Collected data entries
· · · ·

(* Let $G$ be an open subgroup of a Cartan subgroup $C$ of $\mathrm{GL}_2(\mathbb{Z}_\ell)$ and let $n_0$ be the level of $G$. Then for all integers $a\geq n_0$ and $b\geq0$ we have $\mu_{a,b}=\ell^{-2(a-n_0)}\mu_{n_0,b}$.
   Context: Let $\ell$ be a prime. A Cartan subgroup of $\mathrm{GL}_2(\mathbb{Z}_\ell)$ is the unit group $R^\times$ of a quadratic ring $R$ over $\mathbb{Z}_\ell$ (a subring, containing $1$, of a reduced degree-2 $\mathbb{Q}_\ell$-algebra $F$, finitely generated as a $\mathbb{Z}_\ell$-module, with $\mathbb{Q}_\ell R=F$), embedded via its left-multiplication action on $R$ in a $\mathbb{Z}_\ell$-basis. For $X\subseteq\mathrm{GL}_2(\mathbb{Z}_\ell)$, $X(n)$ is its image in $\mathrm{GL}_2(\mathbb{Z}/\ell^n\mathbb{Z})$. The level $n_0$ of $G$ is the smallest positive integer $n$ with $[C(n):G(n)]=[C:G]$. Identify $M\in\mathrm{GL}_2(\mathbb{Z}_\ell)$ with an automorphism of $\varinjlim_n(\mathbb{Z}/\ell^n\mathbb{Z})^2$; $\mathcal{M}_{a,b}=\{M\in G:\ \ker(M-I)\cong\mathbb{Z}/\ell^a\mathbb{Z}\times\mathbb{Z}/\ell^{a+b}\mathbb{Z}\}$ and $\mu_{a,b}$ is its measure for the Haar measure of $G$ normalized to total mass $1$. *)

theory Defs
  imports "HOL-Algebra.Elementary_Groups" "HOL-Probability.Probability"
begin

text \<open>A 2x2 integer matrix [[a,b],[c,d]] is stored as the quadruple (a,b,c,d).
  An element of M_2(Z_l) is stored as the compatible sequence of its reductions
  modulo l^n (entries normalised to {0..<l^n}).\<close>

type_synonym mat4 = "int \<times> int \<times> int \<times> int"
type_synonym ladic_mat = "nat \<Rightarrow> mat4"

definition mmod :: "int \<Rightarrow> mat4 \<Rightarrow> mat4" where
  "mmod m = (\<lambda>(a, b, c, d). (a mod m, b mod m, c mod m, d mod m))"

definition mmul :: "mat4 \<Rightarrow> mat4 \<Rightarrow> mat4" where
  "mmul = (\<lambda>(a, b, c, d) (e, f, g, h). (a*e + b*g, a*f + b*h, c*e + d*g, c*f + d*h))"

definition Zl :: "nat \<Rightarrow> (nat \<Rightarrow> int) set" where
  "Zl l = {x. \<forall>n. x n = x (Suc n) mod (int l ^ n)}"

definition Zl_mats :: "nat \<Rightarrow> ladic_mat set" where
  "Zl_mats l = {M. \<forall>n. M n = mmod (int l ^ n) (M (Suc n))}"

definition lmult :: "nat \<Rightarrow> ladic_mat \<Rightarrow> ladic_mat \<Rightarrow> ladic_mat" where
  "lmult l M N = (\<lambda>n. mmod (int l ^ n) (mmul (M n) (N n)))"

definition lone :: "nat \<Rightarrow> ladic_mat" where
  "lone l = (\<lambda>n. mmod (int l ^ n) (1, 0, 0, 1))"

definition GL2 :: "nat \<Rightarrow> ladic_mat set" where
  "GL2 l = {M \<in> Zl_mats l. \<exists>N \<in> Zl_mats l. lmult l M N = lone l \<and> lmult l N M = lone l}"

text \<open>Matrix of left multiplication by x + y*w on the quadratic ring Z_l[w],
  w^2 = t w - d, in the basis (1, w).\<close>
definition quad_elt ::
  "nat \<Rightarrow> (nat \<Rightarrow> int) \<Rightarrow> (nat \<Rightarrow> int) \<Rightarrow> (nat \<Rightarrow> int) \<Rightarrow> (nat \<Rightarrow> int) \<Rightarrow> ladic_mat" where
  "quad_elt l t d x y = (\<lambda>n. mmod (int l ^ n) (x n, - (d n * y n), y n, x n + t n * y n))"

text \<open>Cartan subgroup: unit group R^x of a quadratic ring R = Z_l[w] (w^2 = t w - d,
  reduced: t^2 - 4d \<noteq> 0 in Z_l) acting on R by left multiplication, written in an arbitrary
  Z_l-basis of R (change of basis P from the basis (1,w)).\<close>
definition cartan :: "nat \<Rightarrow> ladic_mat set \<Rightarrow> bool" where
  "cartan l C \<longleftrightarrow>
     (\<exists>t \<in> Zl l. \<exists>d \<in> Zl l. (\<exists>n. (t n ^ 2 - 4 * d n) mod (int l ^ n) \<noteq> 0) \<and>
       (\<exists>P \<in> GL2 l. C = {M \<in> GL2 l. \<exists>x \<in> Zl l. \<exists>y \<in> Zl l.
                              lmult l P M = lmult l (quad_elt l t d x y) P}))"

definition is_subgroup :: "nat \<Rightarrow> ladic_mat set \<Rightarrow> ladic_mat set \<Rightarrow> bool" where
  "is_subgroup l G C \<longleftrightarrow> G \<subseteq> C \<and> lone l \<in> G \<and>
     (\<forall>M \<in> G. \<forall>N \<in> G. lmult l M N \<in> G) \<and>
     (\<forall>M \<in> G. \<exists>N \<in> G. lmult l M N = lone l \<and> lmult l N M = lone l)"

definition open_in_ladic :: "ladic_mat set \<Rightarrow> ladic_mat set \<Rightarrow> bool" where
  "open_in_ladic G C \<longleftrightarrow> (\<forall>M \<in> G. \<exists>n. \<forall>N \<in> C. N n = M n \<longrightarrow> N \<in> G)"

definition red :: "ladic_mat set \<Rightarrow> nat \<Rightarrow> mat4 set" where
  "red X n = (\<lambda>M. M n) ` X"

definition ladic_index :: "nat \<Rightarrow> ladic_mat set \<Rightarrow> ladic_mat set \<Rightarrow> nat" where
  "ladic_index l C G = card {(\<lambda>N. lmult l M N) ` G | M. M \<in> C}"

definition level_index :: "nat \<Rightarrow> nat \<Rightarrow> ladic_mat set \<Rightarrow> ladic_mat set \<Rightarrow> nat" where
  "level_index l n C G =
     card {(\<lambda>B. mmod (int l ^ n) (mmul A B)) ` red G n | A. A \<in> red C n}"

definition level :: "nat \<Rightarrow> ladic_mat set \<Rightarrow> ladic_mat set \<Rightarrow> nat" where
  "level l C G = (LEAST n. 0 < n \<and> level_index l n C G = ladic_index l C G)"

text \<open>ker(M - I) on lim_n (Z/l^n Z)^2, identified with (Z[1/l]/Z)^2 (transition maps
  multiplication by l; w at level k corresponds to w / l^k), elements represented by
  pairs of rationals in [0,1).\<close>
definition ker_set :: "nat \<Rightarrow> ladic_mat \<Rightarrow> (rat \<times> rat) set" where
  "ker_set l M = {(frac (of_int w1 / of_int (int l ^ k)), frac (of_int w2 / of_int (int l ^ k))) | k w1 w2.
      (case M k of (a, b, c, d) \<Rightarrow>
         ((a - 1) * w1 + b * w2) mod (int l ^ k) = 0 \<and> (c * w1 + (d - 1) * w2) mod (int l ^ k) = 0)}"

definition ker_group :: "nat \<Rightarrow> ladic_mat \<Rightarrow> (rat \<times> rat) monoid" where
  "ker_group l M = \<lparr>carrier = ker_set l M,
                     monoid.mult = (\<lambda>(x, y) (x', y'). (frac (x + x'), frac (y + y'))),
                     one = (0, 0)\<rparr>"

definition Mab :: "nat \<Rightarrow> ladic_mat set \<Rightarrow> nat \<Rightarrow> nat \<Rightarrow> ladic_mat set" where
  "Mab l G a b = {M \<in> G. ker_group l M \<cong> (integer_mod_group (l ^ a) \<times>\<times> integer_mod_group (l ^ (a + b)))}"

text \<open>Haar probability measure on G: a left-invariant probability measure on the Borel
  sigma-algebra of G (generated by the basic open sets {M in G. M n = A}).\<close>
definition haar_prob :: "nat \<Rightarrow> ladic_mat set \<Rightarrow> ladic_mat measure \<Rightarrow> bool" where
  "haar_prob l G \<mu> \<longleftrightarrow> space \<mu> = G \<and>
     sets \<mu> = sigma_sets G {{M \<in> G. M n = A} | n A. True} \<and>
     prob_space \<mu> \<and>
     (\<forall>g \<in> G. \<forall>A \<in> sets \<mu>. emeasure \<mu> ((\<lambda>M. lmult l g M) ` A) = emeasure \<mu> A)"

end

· · · ·

▶ _EXERCISE_: All lines with the word "noteq" must be located in the data and copied.

▶ _EXERCISE OUTPUT_:
  reduced: t^2 - 4d \<noteq> 0 in Z_l) acting on R by left multiplication, written in an arbitrary
     (\<exists>t \<in> Zl l. \<exists>d \<in> Zl l. (\<exists>n. (t n ^ 2 - 4 * d n) mod (int l ^ n) \<noteq> 0) \<and>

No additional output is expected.